EduPop is a data pipeline project designed to combine education-related data from Texas schools with population data for cities across Texas. By using web scraping and API integrations, this project provides insights into the relationship between city populations and school density, a dataset not readily available for free online. The goal is to help urban planners, educational policymakers, and researchers better understand how well school systems in different cities cater to their populations.
-
School Data (API):
- We used the Texas Schools dataset available via ArcGIS, which contains data on school names, district names, enrollment, and more.
- The API link: ArcGIS Schools Data
-
Population Data (Web Scraping):
- Population data for Texas cities was scraped from City-Data.com, a website that doesn't provide a publicly accessible API but offers detailed population figures for cities in Texas.
- Schools per Capita: This dataset reveals the number of schools available per person in each city, helping identify areas with potential school shortages.
- Average Population per School: This shows the average number of people that a school in a city serves, which can highlight overcrowded school systems or underpopulated areas with excess school capacity.

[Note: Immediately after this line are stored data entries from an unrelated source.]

(* For $\omega>0$ small and any $h$ in the Schwartz space $\mathcal{S}(\mathbb{R})$, \[ \int(2yh'+h)Kh=4\int(h'')^2+4\int(h')^2+\int Y_1(h')^2+\int Y_0h^2, \] where $Y_1=-2K_2-yK_2'+2yK_1$ and $Y_0=\tfrac12(K_2''-K_1'-2yK_0')$, and these satisfy $|\partial_y^kY_1|+|\partial_y^kY_0|\lesssim\omega e^{-|y|}$ on $\mathbb{R}$ for all $k\ge0$.
   Context: Let $Q_\omega(y)=\sqrt{4/(1+a_\omega\cosh 2y)}$, $a_\omega=\sqrt{1+\tfrac{16}{3}\omega}$, $M_+=-\partial_y^2+1+\tfrac{\omega}{3}Q_\omega^4$, $M_-=-\partial_y^2+1-\omega Q_\omega^4$. For small $\omega>0$, $\alpha=\alpha(\omega)>0$ is smooth with $\alpha=\tfrac89\omega+O(\omega^2)$, $\lambda=1-\alpha^2$, $\kappa=\sqrt{2-\alpha^2}$, and $W_1,W_2$ are smooth real functions, even in $y$, with $M_+W_1=\lambda W_2$, $M_-W_2=\lambda W_1$, and for $j=1,2$, $k\ge0$: $|\partial_y^kW_j|\lesssim\omega^ke^{-\alpha|y|}+\omega e^{-|y|}$, $|\partial_y^k(W_1-W_2)|\lesssim\omega e^{-\kappa|y|}$, $|W_j-e^{-\alpha|y|}|\lesssim\omega e^{-\alpha|y|}$. With $U=\partial_y-W_2'/W_2$, the operator $K=\partial_y^4-2\partial_y^2+K_2\partial_y^2+K_1\partial_y+K_0+1$ is the fourth-order differential operator (with smooth coefficients $K_2,K_1,K_0$ uniquely determined) satisfying $UM_+M_-=KU$; its coefficients satisfy $|\partial_y^kK_i|\lesssim\omega e^{-(\kappa-\alpha)|y|}$. $\lesssim$ means $\le C\,\cdot$ with $C$ independent of $\omega,y$. *)

theory Defs
  imports "HOL-Analysis.Analysis"
begin

definition nderiv :: "nat \<Rightarrow> (real \<Rightarrow> real) \<Rightarrow> real \<Rightarrow> real" where
  "nderiv k f = (deriv ^^ k) f"

definition smooth_fun :: "(real \<Rightarrow> real) \<Rightarrow> bool" where
  "smooth_fun f \<longleftrightarrow> (\<forall>k x. nderiv k f differentiable (at x))"

definition schwartz :: "(real \<Rightarrow> real) \<Rightarrow> bool" where
  "schwartz h \<longleftrightarrow> smooth_fun h \<and>
     (\<forall>j k. \<exists>C. \<forall>y. \<bar>y\<bar> ^ j * \<bar>nderiv k h y\<bar> \<le> C)"

definition a_om :: "real \<Rightarrow> real" where
  "a_om \<omega> = sqrt (1 + 16/3 * \<omega>)"

definition Q_om :: "real \<Rightarrow> real \<Rightarrow> real" where
  "Q_om \<omega> y = sqrt (4 / (1 + a_om \<omega> * cosh (2 * y)))"

definition M_plus :: "real \<Rightarrow> (real \<Rightarrow> real) \<Rightarrow> real \<Rightarrow> real" where
  "M_plus \<omega> f y = - nderiv 2 f y + f y + \<omega> / 3 * (Q_om \<omega> y) ^ 4 * f y"

definition M_minus :: "real \<Rightarrow> (real \<Rightarrow> real) \<Rightarrow> real \<Rightarrow> real" where
  "M_minus \<omega> f y = - nderiv 2 f y + f y - \<omega> * (Q_om \<omega> y) ^ 4 * f y"

definition U_op :: "(real \<Rightarrow> real) \<Rightarrow> (real \<Rightarrow> real) \<Rightarrow> real \<Rightarrow> real" where
  "U_op W2 f y = deriv f y - deriv W2 y / W2 y * f y"

definition K_op :: "(real \<Rightarrow> real) \<Rightarrow> (real \<Rightarrow> real) \<Rightarrow> (real \<Rightarrow> real)
                     \<Rightarrow> (real \<Rightarrow> real) \<Rightarrow> real \<Rightarrow> real" where
  "K_op K2 K1 K0 f y = nderiv 4 f y - 2 * nderiv 2 f y + K2 y * nderiv 2 f y
      + K1 y * deriv f y + K0 y * f y + f y"

end

(*
  The identity is an integration by parts: the difference of its two integrands is the derivative
  of energy_flux, a quadratic expression in h, h', h'', h''' whose coefficients grow at most
  polynomially.  Since h is a Schwartz function, energy_flux vanishes at infinity and every
  integrand is integrable, so the difference integrates to zero.

  For the bounds, Leibniz' rule writes the k-th derivatives of Y1 and Y0 through the derivatives
  of K_i and y times the derivatives of K_i, which are O(omega (1 + |y|) exp (-(kappa - alpha) |y|)).
  Because alpha = O(omega), for small omega one has kappa - alpha >= 5/4 > 1, and
  (1 + |y|) exp (-t |y|) <= t / (t - 1) exp (-|y|) for t > 1.
*)
theory Submission
  imports Defs "HOL-Probability.Sinc_Integral" "HOL-Real_Asymp.Real_Asymp"
begin

lemma nderiv_0 [simp]: "nderiv 0 f = f"
  by (simp add: nderiv_def)

lemma nderiv_Suc: "nderiv (Suc k) f = deriv (nderiv k f)"
  by (simp add: nderiv_def)

lemma has_real_derivative_nderiv:
  "smooth_fun f \<Longrightarrow> (nderiv k f has_real_derivative nderiv (Suc k) f x) (at x)"
  unfolding smooth_fun_def nderiv_Suc by (simp add: DERIV_deriv_iff_real_differentiable)

lemma has_real_derivative_smooth_fun:
  "smooth_fun f \<Longrightarrow> (f has_real_derivative nderiv 1 f x) (at x)"
  using has_real_derivative_nderiv[of f 0] by simp

lemma DERIV_nderiv [derivative_intros]:
  assumes "smooth_fun f" "(g has_real_derivative g') (at x within s)"
  shows "((\<lambda>y. nderiv k f (g y)) has_real_derivative nderiv (Suc k) f (g x) * g') (at x within s)"
  using DERIV_chain2[OF has_real_derivative_nderiv[OF assms(1)] assms(2)] by simp

lemma continuous_on_nderiv: "smooth_fun f \<Longrightarrow> continuous_on UNIV (nderiv k f)"
  unfolding smooth_fun_def
  by (meson continuous_at_imp_continuous_on differentiable_imp_continuous_within)

lemma nderiv_eqI:
  assumes "g 0 = f" "\<And>k x. (g k has_real_derivative g (Suc k) x) (at x)"
  shows "nderiv k f = g k"
proof (induction k)
  case 0
  show ?case
    using assms(1) by simp
next
  case (Suc k)
  show ?case
    unfolding nderiv_Suc Suc using assms(2) DERIV_imp_deriv by (intro ext) blast
qed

The EduPop dataset provides a unique combination of data that isn't available online for free. It gives stakeholders in education and urban planning the ability to:
- Identify school accessibility gaps in cities where populations are underserved by existing educational infrastructure.
- Assist in planning future educational infrastructure by helping decision-makers understand which cities require additional school investments.
- Optimize resource allocation by providing a clear view of how educational resources are distributed in relation to population size.
This dataset not only helps in educational policy but can also be used to assist urban planning in rapidly growing cities or in identifying rural areas that might need additional resources.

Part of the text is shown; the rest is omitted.